他这话,不仅又把皮球踢给梅延年了,而且还点明“军令状”和“班子出事”这两个关键点,等于是默认了梅延年发难的理由,自己却又置身事外。
梅延年眼看楚清明已经成了众矢之的,于是果断开口:“清明同志毕竟还年轻,他追求政绩难免心切,也难免考虑不周。如今,考虑到枫桥县目前的复杂局面,以及当初楚清明同志立下的军令状,现在出于对工作的需要,也出于对年轻干部的爱护,我认为可以对楚清明同志的工作岗位进行适当调整,这才是当前比较稳妥的选择。到时候我们会形成建议,上报省委。”

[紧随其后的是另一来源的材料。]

definition alpha_regular :: "('a::topological_space \<times> 'a \<Rightarrow> 'a \<times> 'a \<Rightarrow> real) \<Rightarrow> bool" where
  "alpha_regular \<alpha> \<longleftrightarrow>
     (\<forall>xs ys x y. xs \<longlonglongrightarrow> x \<and> ys \<longlonglongrightarrow> y \<and>
        (\<forall>n. \<alpha> (xs n, ys n) (xs (Suc n), ys (Suc n)) \<ge> 1 \<and>
             \<alpha> (ys (Suc n), xs (Suc n)) (ys n, xs n) \<ge> 1) \<longrightarrow>
        (\<exists>r :: nat \<Rightarrow> nat. strict_mono r \<and> (\<forall>k. \<alpha> (xs (r k), ys (r k)) (x, y) \<ge> 1 \<and>
                                     \<alpha> (y, x) (ys (r k), xs (r k)) \<ge> 1)))"

lemma coupled_map_Pair [simp]: "coupled_map F (x, y) = (F x y, F y x)"
  by (simp add: coupled_map_def)

lemma coupled_dist_Pair [simp]: "coupled_dist (x, y) (u, v) = (dist x u + dist y v) / 2"
  by (simp add: coupled_dist_def)

lemma coupled_alpha_Pair [simp]:
  "coupled_alpha \<alpha> (x, y) (u, v) = min (\<alpha> (x, y) (u, v)) (\<alpha> (v, u) (y, x))"
  by (simp add: coupled_alpha_def)

lemma coupled_alpha_eq: "(\<lambda>(x, y) (u, v). min (\<alpha> (x, y) (u, v)) (\<alpha> (v, u) (y, x))) = coupled_alpha \<alpha>"
  by (simp add: fun_eq_iff)

lemma funpow_coupled_map: "(coupled_map F ^^ n) (x, y) = (F_iter F n x y, F_iter F n y x)"
  by (induction n) simp_all

lemma dist_le_coupled_dist:
  "dist (fst p) (fst q) \<le> 2 * coupled_dist p q" "dist (snd p) (snd q) \<le> 2 * coupled_dist p q"
  by (simp_all add: coupled_dist_def)

lemma coupled_dist_tendsto_0_iff:
  "(\<lambda>n. coupled_dist (p n) q) \<longlonglongrightarrow> 0 \<longleftrightarrow>
     (\<lambda>n. fst (p n)) \<longlonglongrightarrow> fst q \<and> (\<lambda>n. snd (p n)) \<longlonglongrightarrow> snd q"
proof
  assume "(\<lambda>n. coupled_dist (p n) q) \<longlonglongrightarrow> 0"
  then have two: "(\<lambda>n. 2 * coupled_dist (p n) q) \<longlonglongrightarrow> 0"
    by (rule tendsto_mult_right_zero)
  have "(\<lambda>n. dist (fst (p n)) (fst q)) \<longlonglongrightarrow> 0" "(\<lambda>n. dist (snd (p n)) (snd q)) \<longlonglongrightarrow> 0"
    by (rule real_tendsto_sandwich[OF _ _ tendsto_const two], simp_all add: dist_le_coupled_dist)+
  then show "(\<lambda>n. fst (p n)) \<longlonglongrightarrow> fst q \<and> (\<lambda>n. snd (p n)) \<longlonglongrightarrow> snd q"
    by (auto intro: tendsto_dist_iff[THEN iffD2])
next
  assume "(\<lambda>n. fst (p n)) \<longlonglongrightarrow> fst q \<and> (\<lambda>n. snd (p n)) \<longlonglongrightarrow> snd q"
  then have "(\<lambda>n. dist (fst (p n)) (fst q)) \<longlonglongrightarrow> 0" "(\<lambda>n. dist (snd (p n)) (snd q)) \<longlonglongrightarrow> 0"
    by (auto intro: tendsto_dist_iff[THEN iffD1])
  then show "(\<lambda>n. coupled_dist (p n) q) \<longlonglongrightarrow> 0"
    unfolding coupled_dist_def by (intro tendsto_divide_zero tendsto_add_zero)
qed

lemma coupled_dist_Cauchy_convergent:
  fixes p :: "nat \<Rightarrow> 'a::complete_space \<times> 'a"
  assumes "\<And>e. 0 < e \<Longrightarrow> \<exists>M. \<forall>m\<ge>M. \<forall>n\<ge>M. coupled_dist (p m) (p n) < e"
  shows "\<exists>q. (\<lambda>n. coupled_dist (p n) q) \<longlonglongrightarrow> 0"
proof -
  have Cauchy: "Cauchy (\<lambda>n. f (p n))"
    if f: "\<And>a b. dist (f a) (f b) \<le> 2 * coupled_dist a b" for f :: "'a \<times> 'a \<Rightarrow> 'a"
  proof (rule metric_CauchyI)
    fix e :: real assume "0 < e"
    then obtain M where M: "\<forall>m\<ge>M. \<forall>n\<ge>M. coupled_dist (p m) (p n) < e / 2"
      using assms[of "e / 2"] by auto
    have "dist (f (p m)) (f (p n)) < e" if "M \<le> m" "M \<le> n" for m n
      using M that f[of "p m" "p n"] by fastforce
    then show "\<exists>M. \<forall>m\<ge>M. \<forall>n\<ge>M. dist (f (p m)) (f (p n)) < e" by blast
  qed
  have "Cauchy (\<lambda>n. fst (p n))" "Cauchy (\<lambda>n. snd (p n))"
    by (rule Cauchy, rule dist_le_coupled_dist)+
  then obtain x y where "(\<lambda>n. fst (p n)) \<longlonglongrightarrow> x" "(\<lambda>n. snd (p n)) \<longlonglongrightarrow> y"
    by (meson Cauchy_convergent convergent_def)
  then show ?thesis
    using coupled_dist_tendsto_0_iff[of p "(x, y)"] by auto
qed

虽然楚清明当初立下军令状的彩头是请辞县委书记一职,但这种事情几乎不可能真去落实的。
眼下,能趁机把楚清明调离县委书记岗位,彻底边缘化他,就已经是梅延年最大的心理预期了。
而楚清明听着周洪涛的官话,又看着梅延年等人志在必得的小人嘴脸,忽然笑了,笑容里带着一丝决绝和嘲讽。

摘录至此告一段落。